The functions we've been using communicate errors throwing exceptions. There are also non-throwing overloads that use error codes.
If the server fails to fulfill a request (for example, because the provided
SQL was invalid or a referenced table didn't exist), the operation is considered
failed and will return an error. The server provides an error message that
can be accessed using the diagnostics
class. For example:
error_code ec; diagnostics diag; results result; // The provided SQL is invalid. The server will return an error. // ec will be set to a non-zero value conn.query("this is not SQL!", result, ec, diag); if (ec) { // The error code will likely report a syntax error std::cout << "Operation failed with error code: " << ec << '\n'; // diag.server_message() will contain the classic phrase // "You have an error in your SQL syntax; check the manual..." // Bear in mind that server_message() may contain user input, so treat it with caution std::cout << "Server diagnostics: " << diag.server_message() << std::endl; }
With exceptions, this would be:
try { // The provided SQL is invalid. This function will throw an exception. results result; conn.query("this is not SQL!", result); } catch (const error_with_diagnostics& err) { // error_with_diagnostics contains an error_code and a diagnostics object. // It inherits from boost::system::system_error. std::cout << "Operation failed with error code: " << err.code() << '\n' << "Server diagnostics: " << err.get_diagnostics().server_message() << std::endl; }
As with Boost.Asio, every sync operation has an async counterpart.
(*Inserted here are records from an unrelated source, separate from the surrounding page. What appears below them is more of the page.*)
(* Let $f\in F$ be strongly positive. Then $f$ can be expressed uniquely in the form $f=x_{i_n}\cdots x_{i_2}x_{i_1}$ with $n\ge0$, all $i_k\ge1$, and $i_{k+1}\ge i_k-1$ for all $k=1,\dots,n-1$.
   Context: Thompson's group $F=\langle x_0,x_1,x_2,\dots\mid x_nx_k=x_kx_{n+1}\text{ for }k<n\rangle$. An element of $F$ is strongly positive if it lies in the submonoid generated by $x_1,x_2,x_3,\dots$. Uniqueness means uniqueness of the sequence $(i_n,\dots,i_1)$. *)

theory Defs
  imports Main
begin

text \<open>Thompson's group F given by its presentation
  < x0, x1, ... | x_n x_k = x_k x_(n+1) for k < n >.
  Group words are lists of letters (i, True) = x_i and (i, False) = x_i^-1.
  F is the quotient of words by the smallest congruence containing free
  cancellation and the defining relations.\<close>

type_synonym gword = "(nat \<times> bool) list"

inductive F_eqv :: "gword \<Rightarrow> gword \<Rightarrow> bool" where
  refl: "F_eqv w w"
| sym: "F_eqv u w \<Longrightarrow> F_eqv w u"
| trans: "F_eqv u v \<Longrightarrow> F_eqv v w \<Longrightarrow> F_eqv u w"
| cong: "F_eqv u u' \<Longrightarrow> F_eqv v v' \<Longrightarrow> F_eqv (u @ v) (u' @ v')"
| cancel: "F_eqv [(i, b), (i, \<not> b)] []"
| rel: "k < n \<Longrightarrow> F_eqv [(n, True), (k, True)] [(k, True), (Suc n, True)]"

lemma equivp_F_eqv: "equivp F_eqv"
  by (rule equivpI) (auto simp: reflp_def symp_def transp_def intro: F_eqv.intros)

quotient_type thompsonF = gword / F_eqv
  by (rule equivp_F_eqv)

lift_definition F_one :: thompsonF is "[]" .

lift_definition F_mult :: "thompsonF \<Rightarrow> thompsonF \<Rightarrow> thompsonF" is "(@)"
  by (rule F_eqv.cong)

lift_definition F_gen :: "nat \<Rightarrow> thompsonF" ("x") is "\<lambda>i. [(i, True)]" .

definition F_word :: "nat list \<Rightarrow> thompsonF" where
  "F_word l = foldr (\<lambda>i g. F_mult (x i) g) l F_one"

definition strongly_positive :: "thompsonF \<Rightarrow> bool" where
  "strongly_positive f \<longleftrightarrow> (\<exists>l. (\<forall>i\<in>set l. 1 \<le> i) \<and> f = F_word l)"

end

theory Submission
  imports Defs "HOL-Library.Stream"
begin

text \<open>Existence: for \<open>a + 1 < b\<close> the relation \<open>x\<^sub>a x\<^sub>b = x\<^bsub>b-1\<^esub> x\<^sub>a\<close> pushes a new
  leftmost letter \<open>x\<^sub>a\<close> to the right past the larger letters until it meets a letter
  \<open>\<le> a + 1\<close>; inserting the letters of a positive word one by one in this way
  yields a normal form.

  Uniqueness: \<open>F\<close> acts on the right on pairs \<open>(i, s)\<close>, read as the binary sequences
  \<open>1\<^sup>i 0 s\<close>, with \<open>x\<^sub>n\<close> acting by \<open>00 \<mapsto> 0, 01 \<mapsto> 10, 1 \<mapsto> 11\<close> after the prefix
  \<open>1\<^sup>n\<close>. A normal form starting with \<open>a\<close> moves the point \<open>(a, 0111\<dots>)\<close>, but only
  shifts the index of every point \<open>(i, s)\<close> with \<open>i > a\<close>. So the action determines
  the first letter of a normal form, and cancelling it gives uniqueness by
  induction.\<close>

abbreviation F_normal :: "nat list \<Rightarrow> bool" where
  "F_normal \<equiv> successively (\<lambda>i j. j \<le> Suc i)"

lemma F_word_Cons: "F_word (a # l) = F_mult (x a) (F_word l)"
  by (simp add: F_word_def)

lemma F_word_eq_abs: "F_word l = abs_thompsonF (map (\<lambda>i. (i, True)) l)"
  by (induction l) (simp_all add: F_word_def F_one_def F_gen_def F_mult.abs_eq)

lemma F_word_rel: "k < n \<Longrightarrow> F_word (n # k # l) = F_word (k # Suc n # l)"
  by (simp add: F_word_eq_abs thompsonF.abs_eq_iff
      F_eqv.cong[OF F_eqv.rel F_eqv.refl, simplified])

primrec nf_cons :: "nat \<Rightarrow> nat list \<Rightarrow> nat list" where
  "nf_cons a [] = [a]"
| "nf_cons a (b # l) = (if a + 1 < b then (b - 1) # nf_cons a l else a # b # l)"

lemma F_word_nf_cons: "F_word (nf_cons a l) = F_word (a # l)"
proof (induction l)
  case (Cons b l)
  show ?case
  proof (cases "a + 1 < b")
    case True
    then have "F_word (a # b # l) = F_word ((b - 1) # a # l)"
      using F_word_rel[of a "b - 1" l] by simp
    with True Cons.IH show ?thesis by (simp add: F_word_Cons)
  qed simp
qed simp

lemma hd_nf_cons_le: "hd (nf_cons a l) \<le> max a (hd l - 1)"
  by (cases l) auto

lemma F_normal_nf_cons: "F_normal l \<Longrightarrow> F_normal (nf_cons a l)"
  by (induction l) (auto simp: successively_Cons intro: order.trans[OF hd_nf_cons_le])

lemma positive_nf_cons:
  "1 \<le> a \<Longrightarrow> \<forall>i\<in>set l. 1 \<le> i \<Longrightarrow> \<forall>i\<in>set (nf_cons a l). 1 \<le> i"
  by (induction l) auto

definition F_nf :: "nat list \<Rightarrow> nat list" where
  "F_nf l = foldr nf_cons l []"

lemma F_word_F_nf: "F_word (F_nf l) = F_word l"
  by (induction l) (simp_all add: F_nf_def F_word_nf_cons F_word_Cons)

lemma F_normal_F_nf: "F_normal (F_nf l)"
  by (induction l) (simp_all add: F_nf_def F_normal_nf_cons)

lemma positive_F_nf: "\<forall>i\<in>set l. 1 \<le> i \<Longrightarrow> \<forall>i\<in>set (F_nf l). 1 \<le> i"
proof (induction l)
  case (Cons a l)
  then show ?case using positive_nf_cons[of a "F_nf l"] by (simp add: F_nf_def)
qed (simp add: F_nf_def)

definition gen_act :: "nat \<Rightarrow> nat \<times> bool stream \<Rightarrow> nat \<times> bool stream" where
  "gen_act n = (\<lambda>(i, s). if i < n then (i, s) else if n < i then (Suc i, s)
     else if shd s then (Suc n, stl s) else (n, stl s))"

definition gen_act_inv :: "nat \<Rightarrow> nat \<times> bool stream \<Rightarrow> nat \<times> bool stream" where
  "gen_act_inv n = (\<lambda>(i, s). if i < n then (i, s) else if i = n then (n, False ## s)
     else if i = Suc n then (n, True ## s) else (i - 1, s))"

definition letter_act :: "nat \<times> bool \<Rightarrow> nat \<times> bool stream \<Rightarrow> nat \<times> bool stream" where
  "letter_act = (\<lambda>(n, b). if b then gen_act n else gen_act_inv n)"

lemma gen_act_gen_act_inv [simp]: "gen_act n (gen_act_inv n p) = p"
  by (cases p) (auto simp: gen_act_def gen_act_inv_def)

lemma gen_act_inv_gen_act [simp]: "gen_act_inv n (gen_act n p) = p"
  by (cases p, cases "snd p") (auto simp: gen_act_def gen_act_inv_def)

lemma gen_act_rel: "k < n \<Longrightarrow> gen_act k (gen_act n p) = gen_act (Suc n) (gen_act k p)"
  by (cases p) (auto simp: gen_act_def)

lemma fold_letter_act_F_eqv: "F_eqv u v \<Longrightarrow> fold letter_act u = fold letter_act v"
proof (induction rule: F_eqv.induct)
  case (cancel i b)
  then show ?case by (auto simp: fun_eq_iff letter_act_def)
next
  case (rel k n)
  then show ?case by (simp add: fun_eq_iff letter_act_def gen_act_rel)
qed simp_all

lemma fold_gen_act_eq_if_F_word_eq:
  "F_word l = F_word m \<Longrightarrow> fold gen_act l = fold gen_act m"
  by (auto simp: F_word_eq_abs thompsonF.abs_eq_iff fold_map comp_def letter_act_def
      dest!: fold_letter_act_F_eqv)

lemma snd_fold_gen_act_sdrop: "\<exists>k. snd (fold gen_act l (i, s)) = sdrop k s"
proof (induction l arbitrary: i s)
  case Nil
  show ?case by (metis fold_simps(1) sdrop.simps(1) snd_conv)
next
  case (Cons a l)
  define k where "k = (if i = a then 1 else 0 :: nat)"
  have "snd (gen_act a (i, s)) = sdrop k s"
    by (simp add: gen_act_def k_def)
  then obtain j where "gen_act a (i, s) = (j, sdrop k s)"
    by (metis prod.collapse)
  moreover obtain k' where "snd (fold gen_act l (j, sdrop k s)) = sdrop k' (sdrop k s)"
    using Cons.IH by blast
  ultimately show ?case by auto
qed

lemma fold_gen_act_above:
  "F_normal (a # l) \<Longrightarrow> a < i \<Longrightarrow> fold gen_act (a # l) (i, s) = (i + length (a # l), s)"
proof (induction l arbitrary: a i)
  case (Cons b l)
  then have "fold gen_act (b # l) (Suc i, s) = (Suc i + length (b # l), s)"
    by (simp add: successively_Cons)
  moreover have "gen_act a (i, s) = (Suc i, s)"
    using Cons.prems by (simp add: gen_act_def)
  ultimately show ?case by simp
qed (simp add: gen_act_def)

lemma fold_gen_act_Cons_moves: "shd (snd (fold gen_act (a # l) (a, False ## sconst True)))"
proof -
  obtain k where "snd (fold gen_act l (a, sconst True)) = sdrop k (sconst True)"
    using snd_fold_gen_act_sdrop by blast
  then show ?thesis by (simp add: gen_act_def)
qed

lemma fold_gen_act_Nil_neq: "fold gen_act [] \<noteq> fold gen_act (b # m)"
  by (metis fold_gen_act_Cons_moves fold_simps(1) snd_conv stream.sel(1))

lemma fold_gen_act_Cons_neq:
  "F_normal (a # l) \<Longrightarrow> a < b \<Longrightarrow> fold gen_act (a # l) \<noteq> fold gen_act (b # m)"
  by (metis fold_gen_act_above fold_gen_act_Cons_moves snd_conv stream.sel(1))

lemma F_normal_fold_gen_act_inj:
  "F_normal l \<Longrightarrow> F_normal m \<Longrightarrow> fold gen_act l = fold gen_act m \<Longrightarrow> l = m"
proof (induction l arbitrary: m)
  case Nil
  then show ?case by (metis fold_gen_act_Nil_neq neq_Nil_conv)
next
  case (Cons a l)
  then obtain b m' where m: "m = b # m'"
    by (metis fold_gen_act_Nil_neq neq_Nil_conv)
  have "a = b"
    using Cons.prems m fold_gen_act_Cons_neq by (metis linorder_neqE_nat)
  then have "fold gen_act l (gen_act a p) = fold gen_act m' (gen_act a p)" for p
    using Cons.prems(3) m by (metis fold_simps(2))
  then have "fold gen_act l = fold gen_act m'"
    by (metis gen_act_gen_act_inv ext)
  moreover have "F_normal l" "F_normal m'"
    using Cons.prems m by (auto simp: successively_Cons)
  ultimately show ?case using Cons.IH m \<open>a = b\<close> by blast
qed

lemma F_normal_F_word_inj: "F_normal l \<Longrightarrow> F_normal m \<Longrightarrow> F_word l = F_word m \<Longrightarrow> l = m"
  by (blast intro: F_normal_fold_gen_act_inj fold_gen_act_eq_if_F_word_eq)

theorem theorem4p1p7:
  fixes f :: thompsonF
  assumes "strongly_positive f"
  shows "\<exists>!l :: nat list. (\<forall>i\<in>set l. 1 \<le> i)
           \<and> (\<forall>j. Suc j < length l \<longrightarrow> l ! (Suc j) \<le> l ! j + 1)
           \<and> f = F_word l"
proof -
  obtain l where pos: "\<forall>i\<in>set l. 1 \<le> i" and f: "f = F_word l"
    using assms by (auto simp: strongly_positive_def)
  have normal_iff: "(\<forall>j. Suc j < length m \<longrightarrow> m ! (Suc j) \<le> m ! j + 1) \<longleftrightarrow> F_normal m" for m
    by (simp add: successively_conv_nth)
  show ?thesis
  proof (rule ex1I[of _ "F_nf l"])
    show "(\<forall>i\<in>set (F_nf l). 1 \<le> i)
        \<and> (\<forall>j. Suc j < length (F_nf l) \<longrightarrow> F_nf l ! (Suc j) \<le> F_nf l ! j + 1)
        \<and> f = F_word (F_nf l)"
      using positive_F_nf[OF pos] F_normal_F_nf normal_iff F_word_F_nf f by simp
  next
    fix m
    assume "(\<forall>i\<in>set m. 1 \<le> i)
        \<and> (\<forall>j. Suc j < length m \<longrightarrow> m ! (Suc j) \<le> m ! j + 1) \<and> f = F_word m"
    then show "m = F_nf l"
      using F_normal_F_word_inj F_normal_F_nf normal_iff F_word_F_nf f by metis
  qed
qed

end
This library
follows Asio's async model, so you may use async operations with any valid
Asio CompletionToken
, including
callbacks and coroutines.
For example, if you can use C++20, you can write:
// Using this CompletionToken, you get C++20 coroutines that communicate // errors with error_codes. This way, you can access the diagnostics object. constexpr auto token = boost::asio::as_tuple(boost::asio::use_awaitable); // Run our query as a coroutine diagnostics diag; results result; auto [ec] = co_await conn.async_query("SELECT 'Hello world!'", result, diag, token); // This will throw an error_with_diagnostics in case of failure boost::mysql::throw_on_error(ec, diag);
The examples section contains material that can help you. This section also provides more info on this topic.
At any given point in time, a connection
may only have a single async operation outstanding. This is because the connection
uses the underlying Stream
object directly, without any locking or queueing. If you perform several
async operations concurrently on a single connection without any serialization,
the stream may interleave reads and writes from different operations, leading
to undefined behavior.
For example, connection::async_query
performs both reads and writes. Doing this is illegal and should be avoided:
// Coroutine body // DO NOT DO THIS!!!! results result1, result2; co_await ( conn.async_query("SELECT 1", result1, boost::asio::use_awaitable) && conn.async_query("SELECT 2", result2, boost::asio::use_awaitable) );
If you need to perform queries in parallel, open more connections to the server.